Opinion
22-6915
05-22-2023
SEQUOIA MCKINNON, Petitioner-Appellant, v. WARDEN KERSHAW CORRECTIONAL INSTITUTION, Respondent-Appellee.
Sequoia McKinnon, Appellant Pro Se.
UNPUBLISHED
Submitted: May 18, 2023
Appeal from the United States District Court for the District of South Carolina, at Columbia. Richard Mark Gergel, District Judge. (8:22-cv-01205-RMG)
Sequoia McKinnon, Appellant Pro Se.
Before NIEMEYER, RICHARDSON, and RUSHING, Circuit Judges.
Dismissed by unpublished per curiam opinion.
Unpublished opinions are not binding precedent in this circuit.
PER CURIAM:
Sequoia McKinnon seeks to appeal the district court's orders (1) accepting, in part, the recommendation of the magistrate judge and dismissing as untimely McKinnon's 28 U.S.C. § 2254 petition; and (2) denying McKinnon's motion for reconsideration. See Gonzalez v. Thaler, 565 U.S. 134, 148 &n.9 (2012) (explaining that § 2254 petitions are subject to one-year statute of limitations, running from latest of four commencement dates enumerated in 28 U.S.C. § 2244(d)(1)).
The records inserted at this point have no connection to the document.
(* Let $N\ge3$ and let $Q$ be a non-degenerate hermitian form on $\mathbb{C}^N$. The only additive subgroups of $\mathbb{C}^N$ invariant under the special unitary group $SU(Q)$ are $\{0\}$ and $\mathbb{C}^N$. *)

theory Defs
  imports "HOL-Analysis.Analysis"
begin

definition hermitian_form :: "(complex^'n \<Rightarrow> complex^'n \<Rightarrow> complex) \<Rightarrow> bool" where
  "hermitian_form Q \<longleftrightarrow>
     (\<forall>x y z. Q x (y + z) = Q x y + Q x z) \<and>
     (\<forall>x y (c::complex). Q x (c *s y) = c * Q x y) \<and>
     (\<forall>x y. Q y x = cnj (Q x y))"

definition nondegenerate_form :: "(complex^'n \<Rightarrow> complex^'n \<Rightarrow> complex) \<Rightarrow> bool" where
  "nondegenerate_form Q \<longleftrightarrow> (\<forall>x. (\<forall>y. Q x y = 0) \<longrightarrow> x = 0)"

definition SU_form :: "(complex^'n \<Rightarrow> complex^'n \<Rightarrow> complex) \<Rightarrow> (complex^'n^'n) set" where
  "SU_form Q = {A. det A = 1 \<and> (\<forall>x y. Q (A *v x) (A *v y) = Q x y)}"

definition additive_subgroup :: "(complex^'n) set \<Rightarrow> bool" where
  "additive_subgroup G \<longleftrightarrow> 0 \<in> G \<and> (\<forall>x\<in>G. \<forall>y\<in>G. x + y \<in> G) \<and> (\<forall>x\<in>G. - x \<in> G)"

end

theory Submission
  imports Defs "HOL-Computational_Algebra.Polynomial"
begin

(* For an anisotropic vector u (Q u u \<noteq> 0) and a unit scalar l, the complex reflection
   x \<mapsto> x + ((l - 1) Q(u, x) / Q(u, u)) u preserves Q and has determinant l, so composing the
   reflections in two orthogonal anisotropic vectors with eigenvalues l and cnj l gives an
   element A of SU(Q), and A x - x \<in> G for x \<in> G. Doing this twice, with u, w, v pairwise
   orthogonal and anisotropic (this needs N \<ge> 3), isolates (m - 1) (l - 1) (Q(u, x) / Q(u, u)) u \<in> G
   for all unit scalars l, m. These scalars generate \<complex> additively, so G contains the whole
   line through every anisotropic u with Q(u, x) \<noteq> 0. Finally, for x \<noteq> 0 every vector y is the
   difference of y + n a and n a, where a and y + n a are anisotropic and not orthogonal to x
   for a suitable natural number n, since only finitely many n fail. *)

lemma scalar_product_add_right: "scalar_product b (x + y) = scalar_product b x + scalar_product b y"
  by (simp add: scalar_product_def distrib_left sum.distrib)

lemma scalar_product_scale_right:
  "scalar_product (b :: 'a::comm_semiring_1^'n) (c *s y) = c * scalar_product b y"
  by (simp add: scalar_product_def sum_distrib_left mult.left_commute)

lemma scalar_product_diff_right:
  "scalar_product (b :: 'a::comm_ring_1^'n) (x - y) = scalar_product b x - scalar_product b y"
  by (simp add: scalar_product_def right_diff_distrib sum_subtractf)

lemma scalar_product_add_left: "scalar_product (x + y) b = scalar_product x b + scalar_product y b"
  by (simp add: scalar_product_def distrib_right sum.distrib)

lemma scalar_product_scale_left: "scalar_product (c *s y) b = c * scalar_product y b"
  by (simp add: scalar_product_def sum_distrib_left mult.assoc)

lemma scalar_product_diff_left:
  "scalar_product (x - y :: 'a::comm_ring_1^'n) b = scalar_product x b - scalar_product y b"
  by (simp add: scalar_product_def left_diff_distrib sum_subtractf)

lemma scalar_product_axis_right: "scalar_product b (axis k 1) = b $ k"
  by (simp add: scalar_product_def axis_def sum.remove [where x=k])

lemma scalar_product_axis_left: "scalar_product (axis k 1) b = b $ k"
  by (simp add: scalar_product_def axis_def sum.remove [where x=k])

lemma matrix_vector_mult_component: "(A *v x) $ i = scalar_product (A $ i) x"
  by (simp add: matrix_vector_mult_def scalar_product_def)

lemma basis_expansion_remove:
  "v $ k *s axis k 1 + (\<Sum>j\<in>UNIV - {k}. v $ j *s axis j 1) = (v :: 'a::ring_1^'n)"
proof -
  have "(\<Sum>j\<in>UNIV. v $ j *s axis j 1) = v $ k *s axis k 1 + (\<Sum>j\<in>UNIV - {k}. v $ j *s axis j 1)"
    by (rule sum.remove) simp_all
  then show ?thesis
    unfolding basis_expansion by (rule sym)
qed

lemma det_identity_replace_row:
  fixes r :: "'a::field^'n"
  shows "det (\<chi> i. if i = k then r else axis i 1) = r $ k"
proof -
  define D :: "'a^'n^'n" where "D = (\<chi> i. if i = k then r $ k *s axis k 1 else axis i 1)"
  have rows: "row j D = (if j = k then r $ k *s axis k 1 else axis j 1)" for j
    by (simp add: D_def row_def vec_eq_iff)
  have "(\<Sum>j\<in>UNIV - {k}. r $ j *s axis j 1) \<in> vec.span {row j D | j. j \<noteq> k}"
    by (intro vec.span_sum vec.span_scale vec.span_base) (auto simp: rows)
  then have "det (\<chi> i. if i = k then row k D + (\<Sum>j\<in>UNIV - {k}. r $ j *s axis j 1) else row i D)
      = det D"
    by (rule det_row_span)
  moreover have "(\<chi> i. if i = k then row k D + (\<Sum>j\<in>UNIV - {k}. r $ j *s axis j 1) else row i D)
      = (\<chi> i. if i = k then r else axis i 1)"
    using basis_expansion_remove[of r k] by (auto simp: rows intro!: Cart_lambda_cong)
  moreover have "det D = (\<Prod>i\<in>UNIV. D $ i $ i)"
    by (rule det_diagonal) (auto simp: D_def axis_def)
  moreover have "(\<Prod>i\<in>UNIV. D $ i $ i) = (\<Prod>i\<in>UNIV. if i = k then r $ k else 1)"
    by (rule prod.cong) (auto simp: D_def axis_def)
  ultimately show ?thesis by (simp add: prod.delta)
qed

definition rank_one_update :: "'a::comm_ring_1^'n \<Rightarrow> 'a^'n \<Rightarrow> 'a^'n^'n" where
  "rank_one_update a b = (\<chi> i. axis i 1 + a $ i *s b)"

lemma rank_one_update_mult_vec: "rank_one_update a b *v x = x + scalar_product b x *s a"
  by (simp add: vec_eq_iff matrix_vector_mult_component rank_one_update_def
      scalar_product_add_left scalar_product_scale_left scalar_product_axis_left mult.commute)

lemma det_rank_one_update:
  fixes a b :: "'a::field^'n"
  shows "det (rank_one_update a b) = 1 + scalar_product b a"
proof (cases "a = 0")
  case True
  then have "rank_one_update a b = mat 1"
    by (simp add: rank_one_update_def mat_def vec_eq_iff axis_def)
  with True show ?thesis by (simp add: scalar_product_def)
next
  case False
  then obtain k where ak: "a $ k \<noteq> 0" by (metis vec_eq_iff zero_index)
  define s where "s = scalar_product b a"
  define M :: "'a^'n^'n" where "M = (\<chi> i. if i = k then a else axis i 1)"
  define P where "P = transpose M"
  define N :: "'a^'n^'n" where
    "N = (\<chi> i. if i = k then b + (1 + s - b $ k) *s axis k 1 else axis i 1)"
  have P_mult: "P *v x = x + x $ k *s (a - axis k 1)" for x
  proof -
    have "P *v x = x $ k *s a + (\<Sum>j\<in>UNIV - {k}. x $ j *s axis j 1)"
      by (simp add: P_def vec_eq_iff vector_matrix_mult_def M_def sum_component
          sum.remove[of UNIV k])
    then show ?thesis
      using basis_expansion_remove[of x k] by (simp add: algebra_simps)
  qed
  have N_mult: "N *v x = x + (scalar_product b x + (s - b $ k) * x $ k) *s axis k 1" for x
  proof -
    have "(N *v x) $ i = (x + (scalar_product b x + (s - b $ k) * x $ k) *s axis k 1) $ i" for i
      by (cases "i = k")
        (simp_all add: N_def matrix_vector_mult_component scalar_product_add_left
          scalar_product_scale_left scalar_product_diff_left scalar_product_axis_left,
         simp_all add: axis_def algebra_simps)
    then show ?thesis by (simp add: vec_eq_iff)
  qed
  (* P has k-th column a; conjugation by P turns the update into the identity with one row
     replaced *)
  have "rank_one_update a b ** P = P ** N"
  proof (subst matrix_eq, intro allI)
    fix x
    define c where "c = scalar_product b x + (s - b $ k) * x $ k"
    have "scalar_product b (P *v x) = c"
      by (simp add: P_mult c_def s_def scalar_product_add_right scalar_product_scale_right
          scalar_product_diff_right scalar_product_axis_right algebra_simps)
    then have "(rank_one_update a b ** P) *v x = x + x $ k *s (a - axis k 1) + c *s a"
      by (simp add: matrix_vector_mul_assoc[symmetric] rank_one_update_mult_vec P_mult)
    also have "\<dots> = (P ** N) *v x"
      by (simp add: matrix_vector_mul_assoc[symmetric] P_mult N_mult c_def
          vec_eq_iff algebra_simps)
    finally show "(rank_one_update a b ** P) *v x = (P ** N) *v x" .
  qed
  then have "det (rank_one_update a b) * det P = det P * det N"
    unfolding det_mul[symmetric] by (rule arg_cong)
  moreover have "det P = a $ k"
    by (simp add: P_def M_def det_identity_replace_row)
  moreover have "det N = 1 + s"
    unfolding N_def det_identity_replace_row by simp
  ultimately have "det (rank_one_update a b) * a $ k = (1 + s) * a $ k"
    by (metis mult.commute)
  with ak show ?thesis
    unfolding s_def by simp
qed
(* Let $T$ be a (planted) phylogenetic tree with leaf set $L$ and species map $\sigma:L\to\mathscr{S}$. Let $x\in L$, let $s\in\mathscr{S}$ with $s\neq\sigma(x)$, and let $L[s]=\{y\in L:\sigma(y)=s\}$. Let $Y\subseteq L[s]$ contain every best match of $x$ in species $s$, and let $Z\subseteq L$ be a non-empty set of leaves each of which is an outgroup for $Y\cup\{x\}$. Define a digraph $\Gamma$ on vertex set $Y$ as follows: for each pair of distinct $y',y''\in Y$ choose some $z\in Z$ and determine $Q=\overline{T}[x,y',y'',z]$ (which is assumed to be obtained correctly); if $Q\in\{(xz|y'y''),\times\}$ insert both arcs $(y',y'')$ and $(y'',y')$; if $Q=(xy'|y''z)$ insert the arc $(y'',y')$; if $Q=(xy''|y'z)$ insert the arc $(y',y'')$. Then $\Gamma$ has a unique strongly connected component without out-edges, and its vertex set is exactly the set $\{y\in L[s]: x\to y\}$ of best matches of $x$ in species $s$.
   Context: A planted phylogenetic tree $T$ has a distinguished leaf $0_T$ (planted root) whose unique neighbour $\rho_T$ is the root; every other inner vertex has at least two children; $L$ is the set of leaves other than $0_T$. $a\preceq b$ means $b$ lies on the path from $a$ to $0_T$; $\operatorname{lca}(A)$ is the $\preceq$-minimal vertex above all of $A$. Best match: $y\in L$ is a best match of $x\in L$, written $x\to y$, if $\operatorname{lca}(x,y)\preceq\operatorname{lca}(x,y')$ for all $y'\in L$ with $\sigma(y')=\sigma(y)$. For $L'\subseteq L$ and $z\in L\setminus L'$, $z$ is an outgroup for $L'$ if $\operatorname{lca}(L')\prec\operatorname{lca}(L'\cup\{z\})$. The unrooted tree $\overline{T}$ is obtained from $T$ by deleting $0_T$ and its edge and, if $\rho_T$ has exactly two children, suppressing $\rho_T$. For four leaves $p,q,r,s$, $\overline{T}[p,q,r,s]$ is the subtree of $\overline{T}$ spanned by them with degree-2 vertices suppressed; $\overline{T}[p,q,r,s]=(pq|rs)$ if some edge of it separates $\{p,q\}$ from $\{r,s\}$, and $\overline{T}[p,q,r,s]=\times$ (star tree) if no such separating edge exists for any of the three splits. An arc $(a,b)$ of $\Gamma$ is an out-edge of a strongly connected component $B$ if $a\in B$, $b\notin B$. *)

theory Defs
  imports Main
begin
lemma floor_divide_eq_imp_dist_less:
  fixes x y d :: real
  assumes "d > 0" "\<lfloor>x / d\<rfloor> = \<lfloor>y / d\<rfloor>"
  shows "\<bar>x - y\<bar> < d"
proof -
  have "\<bar>x / d - y / d\<bar> < 1"
    using assms(2) floor_correct[of "x / d"] floor_correct[of "y / d"] by linarith
  then show ?thesis
    using assms(1) by (simp add: diff_divide_distrib[symmetric] abs_divide pos_divide_less_eq)
qed

lemma rel_dense_near_differences:
  fixes A B :: "real set"
  assumes A: "rel_dense A" and B: "rel_dense B" and \<delta>: "\<delta> > 0"
  shows "rel_dense {\<tau>. \<exists>a\<in>A. \<exists>a'\<in>A. \<tau> = a - a' \<and> (\<exists>b\<in>B. \<exists>b'\<in>B. \<bar>\<tau> - (b - b')\<bar> \<le> \<delta>)}"
proof -
  obtain l where l: "l > 0" "\<And>m. \<exists>a\<in>A. \<exists>b\<in>B. m \<le> a \<and> a \<le> m + l \<and> m \<le> b \<and> b \<le> m + l"
  proof -
    obtain lA lB where "lA > 0" "\<forall>m. \<exists>a\<in>A. m \<le> a \<and> a \<le> m + lA"
      and "lB > 0" "\<forall>m. \<exists>b\<in>B. m \<le> b \<and> b \<le> m + lB"
      using A B unfolding rel_dense_def by blast
    then show ?thesis
      by (intro that[of "max lA lB"]) (auto, meson max.cobounded1 max.cobounded2 add_left_mono order_trans)
  qed
  define P where "P = {(a, b). a \<in> A \<and> b \<in> B \<and> \<bar>a - b\<bar> \<le> l}"
  define cls where "cls = (\<lambda>(a, b). \<lfloor>(a - b) / \<delta>\<rfloor>)"
  \<comment> \<open>Pigeonhole: the pairs in P fall into finitely many classes of differences of width \<delta>.\<close>
  have "cls ` P \<subseteq> {\<lfloor>-l / \<delta>\<rfloor>..\<lfloor>l / \<delta>\<rfloor>}"
    using \<delta> by (auto simp: P_def cls_def abs_le_iff divide_le_eq le_divide_eq intro!: floor_mono)
  then obtain Q where Q: "Q \<subseteq> P" "finite Q" "cls ` P = cls ` Q"
    using finite_subset_image[of "cls ` P" cls P] by (metis finite_atLeastAtMost_int finite_subset order_refl)
  define C where "C = (\<Sum>q\<in>Q. \<bar>fst q\<bar>)"
  have C: "\<bar>fst q\<bar> \<le> C" if "q \<in> Q" for q
    unfolding C_def using Q(2) that by (intro member_le_sum) auto
  have "C \<ge> 0" unfolding C_def by (simp add: sum_nonneg)
  show ?thesis unfolding rel_dense_def
  proof (intro exI[of _ "l + 2 * C"] conjI allI)
    show "0 < l + 2 * C" using l(1) \<open>C \<ge> 0\<close> by simp
    fix m
    obtain a b where ab: "a \<in> A" "b \<in> B" "m + C \<le> a" "a \<le> m + C + l" "m + C \<le> b" "b \<le> m + C + l"
      using l(2)[of "m + C"] by blast
    then have "(a, b) \<in> P" unfolding P_def by auto
    then obtain a' b' where a'b': "(a', b') \<in> Q" "cls (a', b') = cls (a, b)"
      using Q(3) by (metis image_iff surj_pair)
    then have "a' \<in> A" "b' \<in> B" using Q(1) by (auto simp: P_def)
    have "\<bar>(a - b) - (a' - b')\<bar> < \<delta>"
      using a'b'(2) by (intro floor_divide_eq_imp_dist_less[OF \<delta>]) (simp add: cls_def)
    then have "\<bar>(a - a') - (b - b')\<bar> \<le> \<delta>" by simp
    moreover have "m \<le> a - a'" "a - a' \<le> m + (l + 2 * C)"
      using ab(3,4) C[OF a'b'(1)] by auto
    ultimately show "\<exists>\<tau>\<in>{\<tau>. \<exists>a\<in>A. \<exists>a'\<in>A. \<tau> = a - a' \<and> (\<exists>b\<in>B. \<exists>b'\<in>B. \<bar>\<tau> - (b - b')\<bar> \<le> \<delta>)}.
        m \<le> \<tau> \<and> \<tau> \<le> m + (l + 2 * C)"
      using ab(1,2) \<open>a' \<in> A\<close> \<open>b' \<in> B\<close> by blast
  qed
qed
The orders are not appealable unless a circuit justice or judge issues a certificate of appealability. 28 U.S.C. § 2253(c)(1)(A). A certificate of appealability will not issue absent "a substantial showing of the denial of a constitutional right." 28 U.S.C. § 2253(c)(2). When, as here, the district court denies relief on procedural grounds, the prisoner must demonstrate both that the dispositive procedural ruling is debatable and that the petition states a debatable claim of the denial of a constitutional right. Gonzalez, 565 U.S. at 140-41 (citing Slack v. McDaniel, 529 U.S. 473, 484 (2000)).
We have independently reviewed the record and conclude that McKinnon has not made the requisite showing. Accordingly, we deny a certificate of appealability, deny all pending motions, and dismiss the appeal. We dispense with oral argument because the facts and legal contentions are adequately presented in the materials before this court and argument would not aid the decisional process.